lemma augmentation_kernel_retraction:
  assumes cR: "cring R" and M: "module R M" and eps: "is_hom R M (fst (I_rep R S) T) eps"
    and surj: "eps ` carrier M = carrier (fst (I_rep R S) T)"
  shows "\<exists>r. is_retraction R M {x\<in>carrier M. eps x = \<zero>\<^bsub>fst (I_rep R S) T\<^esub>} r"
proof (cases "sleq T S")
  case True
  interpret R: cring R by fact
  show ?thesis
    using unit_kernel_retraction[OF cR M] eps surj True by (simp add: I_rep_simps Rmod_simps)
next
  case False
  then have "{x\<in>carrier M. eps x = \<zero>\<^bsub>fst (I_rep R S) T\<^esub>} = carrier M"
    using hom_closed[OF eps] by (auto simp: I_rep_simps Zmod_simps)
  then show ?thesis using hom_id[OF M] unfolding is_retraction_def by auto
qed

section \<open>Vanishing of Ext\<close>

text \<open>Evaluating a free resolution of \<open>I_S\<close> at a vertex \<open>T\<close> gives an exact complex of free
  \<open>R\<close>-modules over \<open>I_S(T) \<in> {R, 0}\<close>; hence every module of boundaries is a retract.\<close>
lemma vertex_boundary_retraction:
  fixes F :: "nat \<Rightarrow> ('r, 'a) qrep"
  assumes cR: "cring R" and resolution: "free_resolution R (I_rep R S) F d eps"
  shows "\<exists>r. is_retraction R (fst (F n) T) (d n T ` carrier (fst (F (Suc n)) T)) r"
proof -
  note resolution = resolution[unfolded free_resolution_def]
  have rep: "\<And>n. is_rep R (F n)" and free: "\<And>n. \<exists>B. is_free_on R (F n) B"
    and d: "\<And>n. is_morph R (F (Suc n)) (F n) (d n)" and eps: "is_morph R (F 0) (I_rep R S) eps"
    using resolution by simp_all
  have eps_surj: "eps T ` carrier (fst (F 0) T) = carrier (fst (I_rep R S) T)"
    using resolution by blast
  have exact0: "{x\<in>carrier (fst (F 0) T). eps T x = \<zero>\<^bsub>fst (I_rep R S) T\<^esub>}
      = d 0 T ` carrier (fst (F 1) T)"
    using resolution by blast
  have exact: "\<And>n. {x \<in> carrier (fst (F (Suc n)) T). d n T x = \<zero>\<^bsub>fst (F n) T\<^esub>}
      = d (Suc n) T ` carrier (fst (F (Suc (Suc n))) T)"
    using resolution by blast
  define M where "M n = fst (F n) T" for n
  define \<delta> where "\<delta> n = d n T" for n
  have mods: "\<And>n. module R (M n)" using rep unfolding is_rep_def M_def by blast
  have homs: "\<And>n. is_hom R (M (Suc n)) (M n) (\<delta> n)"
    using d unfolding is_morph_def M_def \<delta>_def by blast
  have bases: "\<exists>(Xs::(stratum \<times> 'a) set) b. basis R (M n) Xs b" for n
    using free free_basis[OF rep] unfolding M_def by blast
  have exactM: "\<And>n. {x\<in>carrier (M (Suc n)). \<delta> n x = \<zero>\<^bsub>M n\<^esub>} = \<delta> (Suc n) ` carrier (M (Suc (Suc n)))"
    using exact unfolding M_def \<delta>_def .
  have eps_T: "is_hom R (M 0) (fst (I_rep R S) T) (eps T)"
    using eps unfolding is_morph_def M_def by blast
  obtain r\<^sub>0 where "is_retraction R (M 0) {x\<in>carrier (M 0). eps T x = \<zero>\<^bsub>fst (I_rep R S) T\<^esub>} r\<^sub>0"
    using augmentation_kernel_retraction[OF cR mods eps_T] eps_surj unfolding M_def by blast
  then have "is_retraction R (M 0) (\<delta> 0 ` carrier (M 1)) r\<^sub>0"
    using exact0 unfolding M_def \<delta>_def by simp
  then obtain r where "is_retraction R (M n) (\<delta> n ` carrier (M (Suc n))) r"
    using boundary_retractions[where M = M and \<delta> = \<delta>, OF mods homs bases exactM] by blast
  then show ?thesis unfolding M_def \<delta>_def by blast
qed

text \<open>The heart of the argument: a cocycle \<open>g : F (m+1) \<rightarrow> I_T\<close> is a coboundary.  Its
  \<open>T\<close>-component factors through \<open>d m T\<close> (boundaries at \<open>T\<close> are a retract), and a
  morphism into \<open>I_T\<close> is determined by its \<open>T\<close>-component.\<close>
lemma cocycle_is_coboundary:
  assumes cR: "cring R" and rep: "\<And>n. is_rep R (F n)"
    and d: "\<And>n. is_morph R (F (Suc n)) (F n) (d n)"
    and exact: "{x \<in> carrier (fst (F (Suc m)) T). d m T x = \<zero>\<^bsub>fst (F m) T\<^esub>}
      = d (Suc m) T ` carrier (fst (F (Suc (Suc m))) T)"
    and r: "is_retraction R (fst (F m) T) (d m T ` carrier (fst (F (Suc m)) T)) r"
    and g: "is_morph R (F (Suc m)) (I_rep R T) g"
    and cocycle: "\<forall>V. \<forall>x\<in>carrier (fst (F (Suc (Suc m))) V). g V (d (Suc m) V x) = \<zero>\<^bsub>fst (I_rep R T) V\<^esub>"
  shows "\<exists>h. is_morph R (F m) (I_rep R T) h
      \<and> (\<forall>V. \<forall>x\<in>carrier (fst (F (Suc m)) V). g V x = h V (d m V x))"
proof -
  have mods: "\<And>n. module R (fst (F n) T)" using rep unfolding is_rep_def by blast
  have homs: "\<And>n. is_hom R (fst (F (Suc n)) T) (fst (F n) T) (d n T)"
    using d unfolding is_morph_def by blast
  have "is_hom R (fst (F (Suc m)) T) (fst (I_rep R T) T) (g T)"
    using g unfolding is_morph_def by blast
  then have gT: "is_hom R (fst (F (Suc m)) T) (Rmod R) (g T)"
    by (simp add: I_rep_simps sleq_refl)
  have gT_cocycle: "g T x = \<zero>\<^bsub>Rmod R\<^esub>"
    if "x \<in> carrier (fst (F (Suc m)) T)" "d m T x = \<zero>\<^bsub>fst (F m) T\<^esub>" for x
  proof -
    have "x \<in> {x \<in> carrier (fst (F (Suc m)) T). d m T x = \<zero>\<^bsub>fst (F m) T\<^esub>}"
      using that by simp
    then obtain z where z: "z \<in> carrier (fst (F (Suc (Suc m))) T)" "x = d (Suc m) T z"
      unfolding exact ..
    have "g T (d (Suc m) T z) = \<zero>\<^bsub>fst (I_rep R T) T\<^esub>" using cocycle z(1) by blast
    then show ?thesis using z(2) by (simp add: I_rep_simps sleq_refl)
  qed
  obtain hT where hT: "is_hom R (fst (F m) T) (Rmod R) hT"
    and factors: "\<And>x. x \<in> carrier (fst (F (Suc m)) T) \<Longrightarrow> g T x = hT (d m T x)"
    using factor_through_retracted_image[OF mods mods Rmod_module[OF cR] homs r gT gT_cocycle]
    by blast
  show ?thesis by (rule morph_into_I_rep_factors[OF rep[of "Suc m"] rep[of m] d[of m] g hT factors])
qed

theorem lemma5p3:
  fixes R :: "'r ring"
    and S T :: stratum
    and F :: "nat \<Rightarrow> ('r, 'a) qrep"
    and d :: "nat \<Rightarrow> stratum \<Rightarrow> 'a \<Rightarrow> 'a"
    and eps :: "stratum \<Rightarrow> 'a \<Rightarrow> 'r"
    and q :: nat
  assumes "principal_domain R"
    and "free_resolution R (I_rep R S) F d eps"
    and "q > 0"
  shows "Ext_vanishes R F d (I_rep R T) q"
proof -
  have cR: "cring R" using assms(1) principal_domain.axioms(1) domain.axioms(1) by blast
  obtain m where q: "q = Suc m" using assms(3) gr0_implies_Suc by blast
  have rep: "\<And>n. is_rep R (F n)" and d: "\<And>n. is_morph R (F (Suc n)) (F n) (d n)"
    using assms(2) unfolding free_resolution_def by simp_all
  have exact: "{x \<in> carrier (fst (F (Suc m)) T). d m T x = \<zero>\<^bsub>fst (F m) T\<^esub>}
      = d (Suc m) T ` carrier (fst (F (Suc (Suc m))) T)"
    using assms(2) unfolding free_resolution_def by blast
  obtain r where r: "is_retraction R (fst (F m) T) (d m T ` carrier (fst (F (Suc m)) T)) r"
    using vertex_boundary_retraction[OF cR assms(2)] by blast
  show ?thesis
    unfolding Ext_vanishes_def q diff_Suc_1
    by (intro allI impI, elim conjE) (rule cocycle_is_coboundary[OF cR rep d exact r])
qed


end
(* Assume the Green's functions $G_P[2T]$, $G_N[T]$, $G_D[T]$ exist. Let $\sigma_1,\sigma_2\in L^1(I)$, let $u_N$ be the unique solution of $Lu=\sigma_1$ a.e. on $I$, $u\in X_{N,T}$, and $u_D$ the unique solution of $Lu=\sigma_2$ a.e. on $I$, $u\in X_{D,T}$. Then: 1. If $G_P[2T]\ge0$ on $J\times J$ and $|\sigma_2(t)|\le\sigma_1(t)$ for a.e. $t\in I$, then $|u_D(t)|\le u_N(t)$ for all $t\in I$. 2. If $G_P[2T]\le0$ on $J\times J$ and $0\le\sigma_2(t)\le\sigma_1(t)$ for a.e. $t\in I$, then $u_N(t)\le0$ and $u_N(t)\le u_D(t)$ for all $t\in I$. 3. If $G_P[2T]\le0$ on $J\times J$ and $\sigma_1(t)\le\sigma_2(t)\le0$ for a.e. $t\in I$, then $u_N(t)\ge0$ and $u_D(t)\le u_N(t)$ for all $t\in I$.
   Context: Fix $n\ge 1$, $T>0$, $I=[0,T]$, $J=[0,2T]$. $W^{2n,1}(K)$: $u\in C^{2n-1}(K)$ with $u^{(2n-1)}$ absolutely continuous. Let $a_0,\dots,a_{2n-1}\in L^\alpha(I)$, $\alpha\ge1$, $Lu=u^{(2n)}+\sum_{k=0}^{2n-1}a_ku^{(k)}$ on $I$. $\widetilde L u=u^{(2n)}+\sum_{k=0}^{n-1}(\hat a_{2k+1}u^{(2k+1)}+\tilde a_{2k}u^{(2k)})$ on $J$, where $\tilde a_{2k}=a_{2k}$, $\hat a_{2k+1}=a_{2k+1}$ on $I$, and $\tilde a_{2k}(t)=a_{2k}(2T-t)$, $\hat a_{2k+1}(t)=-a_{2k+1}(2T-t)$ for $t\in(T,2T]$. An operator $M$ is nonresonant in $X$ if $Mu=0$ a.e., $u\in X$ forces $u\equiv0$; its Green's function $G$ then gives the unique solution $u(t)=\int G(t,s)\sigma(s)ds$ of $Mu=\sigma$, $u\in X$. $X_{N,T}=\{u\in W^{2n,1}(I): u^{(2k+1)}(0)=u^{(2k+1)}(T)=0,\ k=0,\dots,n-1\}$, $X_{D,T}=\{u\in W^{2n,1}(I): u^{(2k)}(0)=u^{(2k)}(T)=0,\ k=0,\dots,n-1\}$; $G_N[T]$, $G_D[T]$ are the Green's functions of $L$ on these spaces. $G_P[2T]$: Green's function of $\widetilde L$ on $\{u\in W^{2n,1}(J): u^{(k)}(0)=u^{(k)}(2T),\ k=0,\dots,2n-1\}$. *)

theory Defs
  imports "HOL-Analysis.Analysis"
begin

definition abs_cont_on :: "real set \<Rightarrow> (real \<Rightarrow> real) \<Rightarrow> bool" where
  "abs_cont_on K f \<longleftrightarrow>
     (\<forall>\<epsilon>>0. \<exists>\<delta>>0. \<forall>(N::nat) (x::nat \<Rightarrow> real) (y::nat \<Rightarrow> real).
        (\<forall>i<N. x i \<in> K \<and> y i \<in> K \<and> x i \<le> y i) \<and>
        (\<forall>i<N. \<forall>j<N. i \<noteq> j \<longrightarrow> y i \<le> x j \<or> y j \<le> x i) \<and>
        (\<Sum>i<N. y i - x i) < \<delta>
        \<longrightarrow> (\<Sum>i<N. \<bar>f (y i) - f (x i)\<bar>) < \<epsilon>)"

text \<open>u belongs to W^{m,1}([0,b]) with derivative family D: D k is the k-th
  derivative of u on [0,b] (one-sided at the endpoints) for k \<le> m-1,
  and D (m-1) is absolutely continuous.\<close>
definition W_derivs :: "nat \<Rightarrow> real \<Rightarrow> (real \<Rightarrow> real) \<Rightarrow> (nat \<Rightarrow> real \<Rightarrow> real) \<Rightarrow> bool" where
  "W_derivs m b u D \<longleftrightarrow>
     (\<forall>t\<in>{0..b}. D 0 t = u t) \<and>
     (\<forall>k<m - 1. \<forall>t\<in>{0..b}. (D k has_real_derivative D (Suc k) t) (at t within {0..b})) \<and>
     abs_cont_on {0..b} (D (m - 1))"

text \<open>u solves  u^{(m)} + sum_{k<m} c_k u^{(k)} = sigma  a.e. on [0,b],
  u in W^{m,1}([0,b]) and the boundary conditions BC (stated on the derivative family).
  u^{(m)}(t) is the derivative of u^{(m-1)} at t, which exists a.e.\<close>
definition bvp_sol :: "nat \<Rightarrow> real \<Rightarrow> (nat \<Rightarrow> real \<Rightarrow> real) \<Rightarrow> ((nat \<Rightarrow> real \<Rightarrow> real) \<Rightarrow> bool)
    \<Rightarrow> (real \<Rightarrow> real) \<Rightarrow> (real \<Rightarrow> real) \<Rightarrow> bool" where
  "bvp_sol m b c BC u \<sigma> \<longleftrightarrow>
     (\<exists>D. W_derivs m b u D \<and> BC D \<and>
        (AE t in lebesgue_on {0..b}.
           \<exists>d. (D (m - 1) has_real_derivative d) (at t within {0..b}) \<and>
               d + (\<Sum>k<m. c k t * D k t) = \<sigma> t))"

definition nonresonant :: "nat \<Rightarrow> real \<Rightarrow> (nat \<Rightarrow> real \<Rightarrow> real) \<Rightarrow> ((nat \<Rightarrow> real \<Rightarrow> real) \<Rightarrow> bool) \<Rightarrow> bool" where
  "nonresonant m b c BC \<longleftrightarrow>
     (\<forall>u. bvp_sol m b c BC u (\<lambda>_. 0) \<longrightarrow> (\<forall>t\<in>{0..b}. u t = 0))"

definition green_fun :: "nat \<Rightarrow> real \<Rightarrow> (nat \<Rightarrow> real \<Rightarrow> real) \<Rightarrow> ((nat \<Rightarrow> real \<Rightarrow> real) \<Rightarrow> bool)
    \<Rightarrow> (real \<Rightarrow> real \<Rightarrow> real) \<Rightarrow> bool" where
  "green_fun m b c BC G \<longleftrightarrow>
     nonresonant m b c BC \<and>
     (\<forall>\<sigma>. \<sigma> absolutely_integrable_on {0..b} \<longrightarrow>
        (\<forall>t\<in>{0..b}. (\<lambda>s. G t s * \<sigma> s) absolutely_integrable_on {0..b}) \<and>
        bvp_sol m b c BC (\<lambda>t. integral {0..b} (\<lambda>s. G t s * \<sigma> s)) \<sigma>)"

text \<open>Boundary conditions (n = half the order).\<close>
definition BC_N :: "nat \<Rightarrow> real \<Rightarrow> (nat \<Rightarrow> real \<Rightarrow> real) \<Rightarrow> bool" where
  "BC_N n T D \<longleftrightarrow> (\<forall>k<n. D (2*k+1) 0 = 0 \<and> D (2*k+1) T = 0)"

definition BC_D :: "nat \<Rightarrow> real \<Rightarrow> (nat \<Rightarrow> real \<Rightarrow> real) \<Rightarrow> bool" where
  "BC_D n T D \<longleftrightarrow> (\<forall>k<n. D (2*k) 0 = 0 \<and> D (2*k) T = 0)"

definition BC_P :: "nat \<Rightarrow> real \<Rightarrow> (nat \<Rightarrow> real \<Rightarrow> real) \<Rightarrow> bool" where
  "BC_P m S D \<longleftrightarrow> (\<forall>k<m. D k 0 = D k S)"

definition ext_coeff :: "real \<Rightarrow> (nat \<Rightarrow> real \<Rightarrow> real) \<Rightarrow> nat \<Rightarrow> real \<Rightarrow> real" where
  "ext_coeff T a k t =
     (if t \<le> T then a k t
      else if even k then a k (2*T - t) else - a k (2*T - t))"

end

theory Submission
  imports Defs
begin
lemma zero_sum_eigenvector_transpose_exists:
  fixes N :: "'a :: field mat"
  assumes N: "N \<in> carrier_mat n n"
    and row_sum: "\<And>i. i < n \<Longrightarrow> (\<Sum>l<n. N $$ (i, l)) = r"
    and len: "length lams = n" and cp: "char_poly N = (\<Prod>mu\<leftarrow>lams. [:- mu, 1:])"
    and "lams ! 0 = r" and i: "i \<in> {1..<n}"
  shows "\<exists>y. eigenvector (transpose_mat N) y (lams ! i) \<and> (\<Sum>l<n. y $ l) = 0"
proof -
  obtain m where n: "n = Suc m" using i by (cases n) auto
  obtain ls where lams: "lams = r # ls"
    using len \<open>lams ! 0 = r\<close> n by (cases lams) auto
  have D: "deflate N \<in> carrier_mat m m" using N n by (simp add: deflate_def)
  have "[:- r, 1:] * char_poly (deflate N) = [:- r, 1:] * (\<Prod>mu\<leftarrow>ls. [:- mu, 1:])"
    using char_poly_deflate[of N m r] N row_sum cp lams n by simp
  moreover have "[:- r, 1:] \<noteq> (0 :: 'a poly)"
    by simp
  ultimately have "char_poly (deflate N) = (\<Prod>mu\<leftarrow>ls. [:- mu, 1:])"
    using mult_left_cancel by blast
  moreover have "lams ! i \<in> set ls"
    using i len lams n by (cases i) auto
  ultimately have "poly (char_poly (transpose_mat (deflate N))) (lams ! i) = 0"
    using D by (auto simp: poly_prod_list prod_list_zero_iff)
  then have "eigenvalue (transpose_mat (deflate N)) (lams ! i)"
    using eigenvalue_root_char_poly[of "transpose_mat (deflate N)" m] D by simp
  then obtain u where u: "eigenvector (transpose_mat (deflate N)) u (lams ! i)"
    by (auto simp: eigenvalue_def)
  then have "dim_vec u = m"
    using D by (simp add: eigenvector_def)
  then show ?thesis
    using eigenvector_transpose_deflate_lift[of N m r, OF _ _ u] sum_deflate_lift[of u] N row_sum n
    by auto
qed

★ ★ ★ ★ ★

### TASK DETAILS
Using the material above, work out the number of lines that include "qrep" and answer with that number by itself.

### WORKED SOLUTION
2